The City, Not Long After
- Author: Pat Murphy
- Language: English
- Genre: Science fiction
- Publisher: Doubleday
- Publication date: 1989
- Pages: 244
- ISBN: 038524925X

= The City, Not Long After =

1989 novel by Pat Murphy

The City, Not Long After is a 1989 postapocalyptic science fiction novel by Pat Murphy that incorporates elements of magic realism.

==Plot summary==

The novel is set almost 20 years after a plague has devastated the Earth's population. A few hundred people, most of them artists, live in San Francisco, California, and have built many large-scale artworks there out of salvaged materials.
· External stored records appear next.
text \<open>Every element of \<open>S_M^h\<close> of height \<open>d + 1\<close> is one of height \<open>d\<close> plus a lattice point.\<close>
lemma finite_SMh_level:
  assumes "finite (lattice_points M)"
  shows "finite {s. (s, int d) \<in> SMh M}"
proof (induction d)
  case 0
  have "s = 0" if "(s, 0) \<in> SMh M" for s
    using that unfolding SMh_def
  proof (cases rule: monoid_gen.cases)
    case (add x p)
    then have "0 \<le> snd x" using SMhD SMh_def by blast
    with add show ?thesis by (auto simp: prod_eq_iff)
  qed (simp add: zero_prod_def)
  then have "{s. (s, int 0) \<in> SMh M} \<subseteq> {0}" by auto
  then show ?case by (rule finite_subset) simp
next
  case (Suc d)
  have "s \<in> (\<lambda>(x, p). x + p) ` ({x. (x, int d) \<in> SMh M} \<times> lattice_points M)"
    if "(s, int (Suc d)) \<in> SMh M" for s
    using that[unfolded SMh_def]
  proof (cases rule: monoid_gen.cases)
    case (add x a)
    then obtain p where p: "a = (p, 1)" "p \<in> lattice_points M" by auto
    with add(1) have "x = (s - p, int d)" by (auto simp: prod_eq_iff)
    with add(2) p show ?thesis by (auto simp: SMh_def intro!: image_eqI[of _ _ "(s - p, p)"])
  qed (simp add: zero_prod_def)
  then have "{s. (s, int (Suc d)) \<in> SMh M}
      \<subseteq> (\<lambda>(x, p). x + p) ` ({x. (x, int d) \<in> SMh M} \<times> lattice_points M)" by blast
  then show ?case by (rule finite_subset) (use Suc assms in auto)
qed
(* Let $M$ be a transversal matroid and $e\in E(M)$. Let $\mathcal A=(A_1,\ldots,A_r)$ be a presentation of $M$ with $r=r(M)$, such that for some $k$, $e\in A_i$ for all $i\le k$ and $e\notin A_j$ for all $j>k$. Let $G$ be a minimal $(e,\mathcal A)$-presenting graph which is a tree, and let $\phi$ be an $(e,\mathcal A)$-presenting map of $G$. Suppose $E(G)=\{\{u_1,v_1\},\{u_2,v_2\},\ldots,\{u_{k-1},v_{k-1}\}\}$. Then $$(A_{\phi(u_1)}\cup A_{\phi(v_1)}-e,\ \ldots,\ A_{\phi(u_{k-1})}\cup A_{\phi(v_{k-1})}-e,\ A_{k+1},A_{k+2},\ldots,A_r)$$ is a presentation of $M/e$.
   Context: A presentation $\mathcal A=(A_1,\ldots,A_r)$ (a sequence of not necessarily distinct subsets of $E$) of a transversal matroid $M=M[\mathcal A]$ means the independent sets of $M$ are exactly the partial transversals of $\mathcal A$, i.e. sets $\{x_1,\ldots,x_m\}$ of distinct elements with distinct indices $k_1,\ldots,k_m\in[r]$ and $x_i\in A_{k_i}$. Write $\mathrm{cl}^*_M$ for the closure operator of the dual matroid $M^*$. A graph $G$ is an $(e,\mathcal A)$-presenting graph if there is a bijection $\phi:V(G)\to\{i\in[r]: e\in A_i\}$ such that for all distinct $v_1,v_2\in V(G)$, the subgraph of $G$ induced by $\{u\in V(G): A_{\phi(u)}\subseteq \mathrm{cl}^*_M(A_{\phi(v_1)}\cup A_{\phi(v_2)})\}$ is connected; $\phi$ is then an $(e,\mathcal A)$-presenting map of $G$. $G$ is a minimal $(e,\mathcal A)$-presenting graph if it is $(e,\mathcal A)$-presenting and deleting any single edge gives a graph that is not $(e,\mathcal A)$-presenting. *)

theory Defs
  imports Main
begin

definition mrank :: "('a set \<Rightarrow> bool) \<Rightarrow> 'a set \<Rightarrow> nat" where
  "mrank indep X = Max (card ` {I. I \<subseteq> X \<and> indep I})"

definition mbasis :: "'a set \<Rightarrow> ('a set \<Rightarrow> bool) \<Rightarrow> 'a set \<Rightarrow> bool" where
  "mbasis E indep B \<longleftrightarrow> B \<subseteq> E \<and> indep B \<and> (\<forall>I. I \<subseteq> E \<and> indep I \<and> B \<subseteq> I \<longrightarrow> I = B)"

definition mclosure :: "'a set \<Rightarrow> ('a set \<Rightarrow> bool) \<Rightarrow> 'a set \<Rightarrow> 'a set" where
  "mclosure E indep X = {x \<in> E. mrank indep (insert x X) = mrank indep X}"

definition dual_indep :: "'a set \<Rightarrow> ('a set \<Rightarrow> bool) \<Rightarrow> 'a set \<Rightarrow> bool" where
  "dual_indep E indep I \<longleftrightarrow> I \<subseteq> E \<and> (\<exists>B. mbasis E indep B \<and> B \<inter> I = {})"

definition dual_closure :: "'a set \<Rightarrow> ('a set \<Rightarrow> bool) \<Rightarrow> 'a set \<Rightarrow> 'a set" where
  "dual_closure E indep X = mclosure E (dual_indep E indep) X"

definition contract_indep :: "'a set \<Rightarrow> ('a set \<Rightarrow> bool) \<Rightarrow> 'a \<Rightarrow> 'a set \<Rightarrow> bool" where
  "contract_indep E indep e I \<longleftrightarrow> I \<subseteq> E - {e} \<and>
     (if indep {e} then indep (insert e I) else indep I)"

text \<open>Partial transversals of the set system As = (As!0, ..., As!(r-1)) (0-indexed).\<close>
definition partial_transversal :: "'a set \<Rightarrow> 'a set list \<Rightarrow> 'a set \<Rightarrow> bool" where
  "partial_transversal E As X \<longleftrightarrow> X \<subseteq> E \<and>
     (\<exists>f. inj_on f X \<and> (\<forall>x\<in>X. f x < length As \<and> x \<in> As ! f x))"

definition is_presentation :: "'a set \<Rightarrow> ('a set \<Rightarrow> bool) \<Rightarrow> 'a set list \<Rightarrow> bool" where
  "is_presentation E indep As \<longleftrightarrow> (\<forall>A\<in>set As. A \<subseteq> E) \<and>
     (\<forall>X. indep X \<longleftrightarrow> partial_transversal E As X)"

definition simple_graph :: "'v set \<Rightarrow> 'v set set \<Rightarrow> bool" where
  "simple_graph V Eg \<longleftrightarrow> finite V \<and> (\<forall>ed\<in>Eg. \<exists>u v. ed = {u, v} \<and> u \<noteq> v \<and> u \<in> V \<and> v \<in> V)"

definition induced_connected :: "'v set set \<Rightarrow> 'v set \<Rightarrow> bool" where
  "induced_connected Eg S \<longleftrightarrow>
     (\<forall>x\<in>S. \<forall>y\<in>S. (x, y) \<in> {(a, b). a \<in> S \<and> b \<in> S \<and> {a, b} \<in> Eg}\<^sup>*)"

definition has_cycle :: "'v set \<Rightarrow> 'v set set \<Rightarrow> bool" where
  "has_cycle V Eg \<longleftrightarrow> (\<exists>cs. 3 \<le> length cs \<and> distinct cs \<and> set cs \<subseteq> V \<and>
     (\<forall>i<length cs. {cs ! i, cs ! ((i + 1) mod length cs)} \<in> Eg))"

definition is_tree :: "'v set \<Rightarrow> 'v set set \<Rightarrow> bool" where
  "is_tree V Eg \<longleftrightarrow> simple_graph V Eg \<and> V \<noteq> {} \<and> induced_connected Eg V \<and> \<not> has_cycle V Eg"

definition presenting_map ::
  "'a set \<Rightarrow> 'a set list \<Rightarrow> 'a \<Rightarrow> 'v set \<Rightarrow> 'v set set \<Rightarrow> ('v \<Rightarrow> nat) \<Rightarrow> bool" where
  "presenting_map E As e V Eg \<phi> \<longleftrightarrow>
     bij_betw \<phi> V {i. i < length As \<and> e \<in> As ! i} \<and>
     (\<forall>v1\<in>V. \<forall>v2\<in>V. v1 \<noteq> v2 \<longrightarrow>
        induced_connected Eg
          {u \<in> V. As ! \<phi> u \<subseteq> dual_closure E (partial_transversal E As) (As ! \<phi> v1 \<union> As ! \<phi> v2)})"

definition presenting_graph :: "'a set \<Rightarrow> 'a set list \<Rightarrow> 'a \<Rightarrow> 'v set \<Rightarrow> 'v set set \<Rightarrow> bool" where
  "presenting_graph E As e V Eg \<longleftrightarrow> simple_graph V Eg \<and> (\<exists>\<phi>. presenting_map E As e V Eg \<phi>)"

definition minimal_presenting_graph :: "'a set \<Rightarrow> 'a set list \<Rightarrow> 'a \<Rightarrow> 'v set \<Rightarrow> 'v set set \<Rightarrow> bool" where
  "minimal_presenting_graph E As e V Eg \<longleftrightarrow> presenting_graph E As e V Eg \<and>
     (\<forall>ed\<in>Eg. \<not> presenting_graph E As e V (Eg - {ed}))"

end

(*
  Write A_v for the set of the vertex v. A set X avoiding e is independent in M/e iff X + e is
  a partial transversal of A. Given such a matching, let v be the vertex whose set is matched
  to e and root the tree at v: the set of any other vertex u lies, up to e, in the set of the
  edge from u to its parent, and different vertices use different edges. So X is a partial
  transversal of the new presentation.

  Conversely, let X be a partial transversal of the new presentation. First, X is independent
  in M: otherwise X contains a circuit Z of M, and Z violates Hall's condition in A. An element
  of a circuit disjoint from a set Y is not in cl*(Y), so the connected subgraphs provided by
  the presenting map stay among the vertices whose sets miss Z; these therefore induce a
  subtree, and a tree has at most as many edges leaving a subtree as vertices outside it. Hence
  the new sets meeting Z are no more than the sets A_v meeting Z, and Z would violate Hall's
  condition in the new presentation too. So if X + e is not a partial transversal of A, Hall's
  theorem gives a violating set containing e, and there the k - 1 edge sets cannot make up for
  the k sets containing e.
*)
theory Submission
  imports Defs "HOL-Library.Transitive_Closure_Table"
begin

section \<open>Hall's theorem\<close>

lemma inj_on_fun_upd_extend: "inj_on f (A - {a}) \<Longrightarrow> b \<notin> f ` (A - {a}) \<Longrightarrow> inj_on (f(a := b)) A"
  unfolding inj_on_def by (metis DiffI fun_upd_apply image_eqI singletonD)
To the east, in the Central Valley, a military government headed by General Miles (nicknamed "Fourstar") has spread from Sacramento and annexed many other towns, including Fresno and Modesto. Miles dreams of recreating the United States of old and is planning to invade San Francisco, which he claims is populated by Godless sinners who are hoarding its resources.

A nameless young woman, whose mother fled the city soon after the plague, has a vision of an angel at her mother's death. It leads her to believe she will be reunited with her mother in the city and inspires her to go there and warn its inhabitants of the coming invasion. While there, she meets the city's residents, acquires a name, and convinces them that the threat of invasion is real and spurs them into taking action to resist it. Believing that they cannot beat Fourstar using straightforward military methods, they improvise their own methods of demoralizing his army, and are aided by mysterious manifestations related to the city's past.